Adaptation du célèbre livre de Steinbeck, Des Souris et des Hommes est un drame qui brisera les cœurs tendres de la salle. Voici donc les mésaventures d'un duo d'amis de toujours, Georges, l'américain prolo de basse extraction qui gagne sa vie à force de suer au travail, et Lennie, un handicapé mental ultra touchant, bloqué à l'état de très grand enfant de 2m et à la force colossale cassant tout sur son passage (par amour démesuré, et ne comprenant jamais sa faute). Les deux compères se trouvent un petit boulot dans une ferme, mais les ennuis se cachent toujours dans un coin de la valise : voici que le fils du propriétaire prend en grippe le binôme, qu'à l'inverse Madame sa femme les trouve très à son goût, et que le passage du vieux chien est une métaphore préfigurant le final qui nous déniaise d'emblée, nous arrache le cœur une première fois pour mieux nous préparer à la fin. On ne se remettra jamais de voir
ce petit vieux attendre sans mot dire que son fidèle compagnon cacochyme se fasse descendre, "car il ne peut aspirer qu'à la souffrance le reste de sa vie", et finalement s'effondrer en sanglots quand le coup de feu retentit au loin...
Les joues mouillées n'ont pas le temps de sécher, que l'on voit se profiler le final bouleversant, dans lequel
Lennie, en essayant de repousser les avances de la femme du fiston du proprio, l'étouffe mortellement, et est traqué par les hommes du ranch. Une seule solution, pour ce "chien qui n'aspire qu'à la souffrance pour le reste de sa vie" (Georges comprend bien qu'il risque au mieux une condamnation à mort où ce dernier paniquera, ne comprendra pas, et au pire une vie en prison totalement inadaptée à son handicap...),
une seule, qu'on a déjà testé au milieu du film, et qu'on redoute encore plus de voir une deuxième fois. Le scénario étant tiré du magnifique livre de Steinbeck, on revient donc en boucle au début du film, avec tous les éléments narratifs qu'il a planté en amont, choisissant déjà
l'endroit de la mise à mort (le lieu où Lennie doit revenir "en cas de problème"), et nous ayant habitué à l'histoire des "lapins de Lennie", une histoire qui le détend, le rassure, lui fait penser à autre chose tandis qu'en arrière-plan on voit un pistolet sortir de la ceinture de Georges, en pleurs (lui aussi, on sera deux)...

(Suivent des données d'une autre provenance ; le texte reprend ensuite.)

section \<open>Finite groups of prime power exponent\<close>

lemma (in group) exists_nontrivial_prime_power_ord:
  assumes fin: "finite (carrier G)" and q: "Factorial_Ring.prime q" "q dvd Coset.order G"
  shows "\<exists>h\<in>carrier G. h \<noteq> \<one> \<and> ord h dvd q ^ multiplicity q (Coset.order G)"
proof -
  define m where "m = multiplicity q (Coset.order G)"
  have o0: "Coset.order G \<noteq> 0" using fin by (simp add: order_gt_0_iff_finite[symmetric])
  obtain r where r: "Coset.order G = q ^ m * r"
    unfolding m_def using multiplicity_decompose'[OF o0] q(1) not_prime_unit by blast
  obtain K where K: "subgroup K G" "card K = q ^ m"
    using sylow_thm[OF q(1) is_group r fin] by blast
  have "m \<ge> 1"
    using q o0 by (simp add: m_def prime_multiplicity_gt_zero_iff Suc_le_eq)
  then have "q ^ 1 \<le> q ^ m"
    by (rule power_increasing) (use prime_gt_0_nat[OF q(1)] in linarith)
  then have "card K \<ge> 2" using K(2) prime_ge_2_nat[OF q(1)] by simp
  have "\<not> K \<subseteq> {\<one>}"
  proof
    assume "K \<subseteq> {\<one>}"
    then have "card K \<le> 1" using card_mono[of "{\<one>}" K] by simp
    with \<open>card K \<ge> 2\<close> show False by simp
  qed
  then obtain h where h: "h \<in> K" "h \<noteq> \<one>" by blast
  have hc: "h \<in> carrier G" using subgroup.mem_carrier[OF K(1) h(1)] .
  interpret K: group "G\<lparr>carrier := K\<rparr>" using subgroup.subgroup_is_group[OF K(1) is_group] .
  have "h [^] (q ^ m) = \<one>"
    using K.pow_order_eq_1 h(1) K(2) by (simp add: Coset.order_def nat_pow_consistent[symmetric])
  then show ?thesis using pow_eq_id[OF hc] hc h(2) unfolding m_def by blast
qed

lemma (in group) order_prime_power_if_exponent:
  assumes fin: "finite (carrier G)" and p: "Factorial_Ring.prime p"
    and exp: "\<forall>x\<in>carrier G. x [^] (p ^ a) = \<one>"
  shows "\<exists>k. Coset.order G = p ^ k"
proof -
  have only_p: "q = p" if q: "Factorial_Ring.prime q" "q dvd Coset.order G" for q
  proof (rule ccontr)
    assume "q \<noteq> p"
    obtain h where h: "h \<in> carrier G" "h \<noteq> \<one>" "ord h dvd q ^ multiplicity q (Coset.order G)"
      using exists_nontrivial_prime_power_ord[OF fin q] by blast
    moreover have "ord h dvd p ^ a" using pow_eq_id[OF h(1)] exp h(1) by blast
    moreover have "coprime (q ^ multiplicity q (Coset.order G)) (p ^ a)"
      using q(1) p \<open>q \<noteq> p\<close> by (simp add: primes_coprime)
    ultimately have "ord h = 1" using coprime_common_divisor_nat by blast
    then show False using h ord_eq_1 by blast
  qed
  have "Coset.order G \<noteq> 0" using fin by (simp add: order_gt_0_iff_finite[symmetric])
  then obtain r where r: "Coset.order G = p ^ multiplicity p (Coset.order G) * r" "\<not> p dvd r"
    using multiplicity_decompose' p not_prime_unit by blast
  have "r = 1"
  proof (rule ccontr)
    assume "r \<noteq> 1"
    then obtain q :: nat where "Factorial_Ring.prime q" "q dvd r" using prime_factor_nat by blast
    then show False using only_p r by (metis dvd_mult)
  qed
  then show ?thesis using r(1) by auto
qed

section \<open>Topological groups\<close>

locale topgroup = group G for G (structure) +
  fixes T :: "'a topology"
  assumes topological_group: "topological_group G T"
begin

lemma topspace_eq [simp]: "topspace T = carrier G"
  using topological_group by (simp add: topological_group_def)

lemma continuous_map_mult:
  assumes "continuous_map Z T f" "continuous_map Z T g"
  shows "continuous_map Z T (\<lambda>x. f x \<otimes> g x)"
proof -
  have "continuous_map (prod_topology T T) T (\<lambda>(x, y). x \<otimes> y)"
    using topological_group by (simp add: topological_group_def)
  from continuous_map_compose[OF continuous_map_pairedI[OF assms] this]
  show ?thesis by (simp add: o_def)
qed

lemma continuous_map_inv:
  assumes "continuous_map Z T f"
  shows "continuous_map Z T (\<lambda>x. inv (f x))"
proof -
  have "continuous_map T T (\<lambda>x. inv x)"
    using topological_group by (simp add: topological_group_def)
  from continuous_map_compose[OF assms this] show ?thesis by (simp add: o_def)
qed

lemma continuous_map_nat_pow: "continuous_map T T (\<lambda>x. x [^] (n::nat))"
  by (induction n) (simp_all add: continuous_map_mult[OF _ continuous_map_id[unfolded id_def]])

lemma continuous_map_mult_right:
  "a \<in> carrier G \<Longrightarrow> continuous_map T T (\<lambda>x. x \<otimes> a)"
  by (simp add: continuous_map_mult[OF continuous_map_id[unfolded id_def]])

lemma continuous_map_mult_left:
  "a \<in> carrier G \<Longrightarrow> continuous_map T T (\<lambda>x. a \<otimes> x)"
  by (simp add: continuous_map_mult[OF _ continuous_map_id[unfolded id_def]])

lemma subgroup_nat_pow_closed: "subgroup N G \<Longrightarrow> h \<in> N \<Longrightarrow> h [^] (n::nat) \<in> N"
  by (induction n) (auto simp: subgroup.one_closed subgroup.m_closed)

lemma openin_rcos:
  assumes "openin T N" "subgroup N G" "a \<in> carrier G"
  shows "openin T (N #> a)"
proof -
  have "N #> a = {x \<in> topspace T. x \<otimes> inv a \<in> N}"
    using assms(2,3) by (auto simp: r_coset_def m_assoc subgroup.mem_carrier intro!: bexI[of _ "_ \<otimes> inv a"])
  then show ?thesis
    using openin_continuous_map_preimage[OF continuous_map_mult_right assms(1)] assms(3) by simp
qed

lemma closedin_open_subgroup:
  assumes "openin T N" "subgroup N G"
  shows "closedin T N"
proof -
  have "topspace T - N = (\<Union>a\<in>carrier G - N. N #> a)"
  proof
    show "topspace T - N \<subseteq> (\<Union>a\<in>carrier G - N. N #> a)"
      using assms(2) rcos_self by auto
    show "(\<Union>a\<in>carrier G - N. N #> a) \<subseteq> topspace T - N"
    proof clarify
      fix a x assume a: "a \<in> carrier G" "a \<notin> N" and x: "x \<in> N #> a"
      have "x \<in> carrier G" using r_coset_subset_G[OF subgroup.subset[OF assms(2)] a(1)] x by blast
      moreover have "x \<notin> N"
        using a x assms(2) rcos_self repr_independence coset_join2 \<open>x \<in> carrier G\<close> by metis
      ultimately show "x \<in> topspace T - N" by simp
    qed
  qed
  moreover have "openin T (\<Union>a\<in>carrier G - N. N #> a)"
    using assms openin_rcos by auto
  ultimately show ?thesis
    using assms(2) by (simp add: closedin_def subgroup.subset)
qed

lemma finite_rcosets_open_subgroup:
  assumes "compact_space T" "openin T N" "subgroup N G"
  shows "finite (rcosets N)"
proof -
  have "compactin T (topspace T)" using assms(1) by (simp add: compact_space_def)
  moreover have "\<forall>u\<in>rcosets N. openin T u"
    using assms openin_rcos by (auto simp: RCOSETS_def)
  moreover have "topspace T \<subseteq> \<Union>(rcosets N)"
    using assms(3) rcos_self by (auto simp: RCOSETS_def)
  ultimately obtain F where F: "finite F" "F \<subseteq> rcosets N" "topspace T \<subseteq> \<Union>F"
    unfolding compactin_def by meson
  have "rcosets N \<subseteq> F"
  proof
    fix R assume "R \<in> rcosets N"
    then obtain b where b: "b \<in> carrier G" "R = N #> b" by (auto simp: RCOSETS_def)
    then obtain C where C: "C \<in> F" "b \<in> C" using F(3) by auto
    then obtain a where "a \<in> carrier G" "C = N #> a" using F(2) by (auto simp: RCOSETS_def)
    then show "R \<in> F" using b C repr_independence assms(3) by metis
  qed
  then show ?thesis using F(1) finite_subset by blast
qed

lemma openin_subgroup_if_nbhd:
  assumes "subgroup N G" "openin T V" "\<one> \<in> V" "V \<subseteq> N"
  shows "openin T N"
proof -
  have "\<exists>W. openin T W \<and> h \<in> W \<and> W \<subseteq> N" if h: "h \<in> N" for h
  proof -
    have hc: "h \<in> carrier G" using subgroup.mem_carrier[OF assms(1) h] .
    let ?W = "{x \<in> topspace T. inv h \<otimes> x \<in> V}"
    have "openin T ?W"
      using openin_continuous_map_preimage[OF continuous_map_mult_left assms(2)] hc by simp
    moreover have "h \<in> ?W" using hc assms(3) by simp
    moreover have "?W \<subseteq> N"
    proof
      fix x assume x: "x \<in> ?W"
      then have "h \<otimes> (inv h \<otimes> x) \<in> N" using assms(1,4) h by (auto intro: subgroup.m_closed)
      then show "x \<in> N" using x hc by (simp add: m_assoc[symmetric])
    qed
    ultimately show ?thesis by blast
  qed
  then show ?thesis using openin_subopen[of T N] by blast
qed

lemma subgroup_subset_closure_of: "subgroup S G \<Longrightarrow> S \<subseteq> T closure_of S"
  using closure_of_subset[of S T] subgroup.subset[of S G] by simp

Inutile de verser dans les grands discours lacrymaux, Des Souris et des Hommes ravage en un plan, ne voit pas l'intérêt de sortir les violons en BO et d'appuyer la tristesse de son propos, quand il peut juste nous renverser le cœur avec un petit vieux qui s'effondre et
un handicapé mourir des mains de son meilleur ami car l'époque n'est pas encore adaptée à lui...
Plus qu'une simple histoire de deux amis qui travaillent dans une ferme et s'attirent des ennuis, Des Souris et des Hommes parle sans détours des prolos qui passent de maison en maison pour grignoter ce qu'ils peuvent (comme les souris), de l'handicap dans un temps où il n'était pas accompagné, de l'euthanasie de dernier recours, de l'amitié au-delà de la raison, de compassion et de bienveillance envers ceux qui n'ont pas la chance d'avoir toute leur tête... Ceux-là qui méritent d'avoir leurs lapins, des blancs, des marrons, des noirs...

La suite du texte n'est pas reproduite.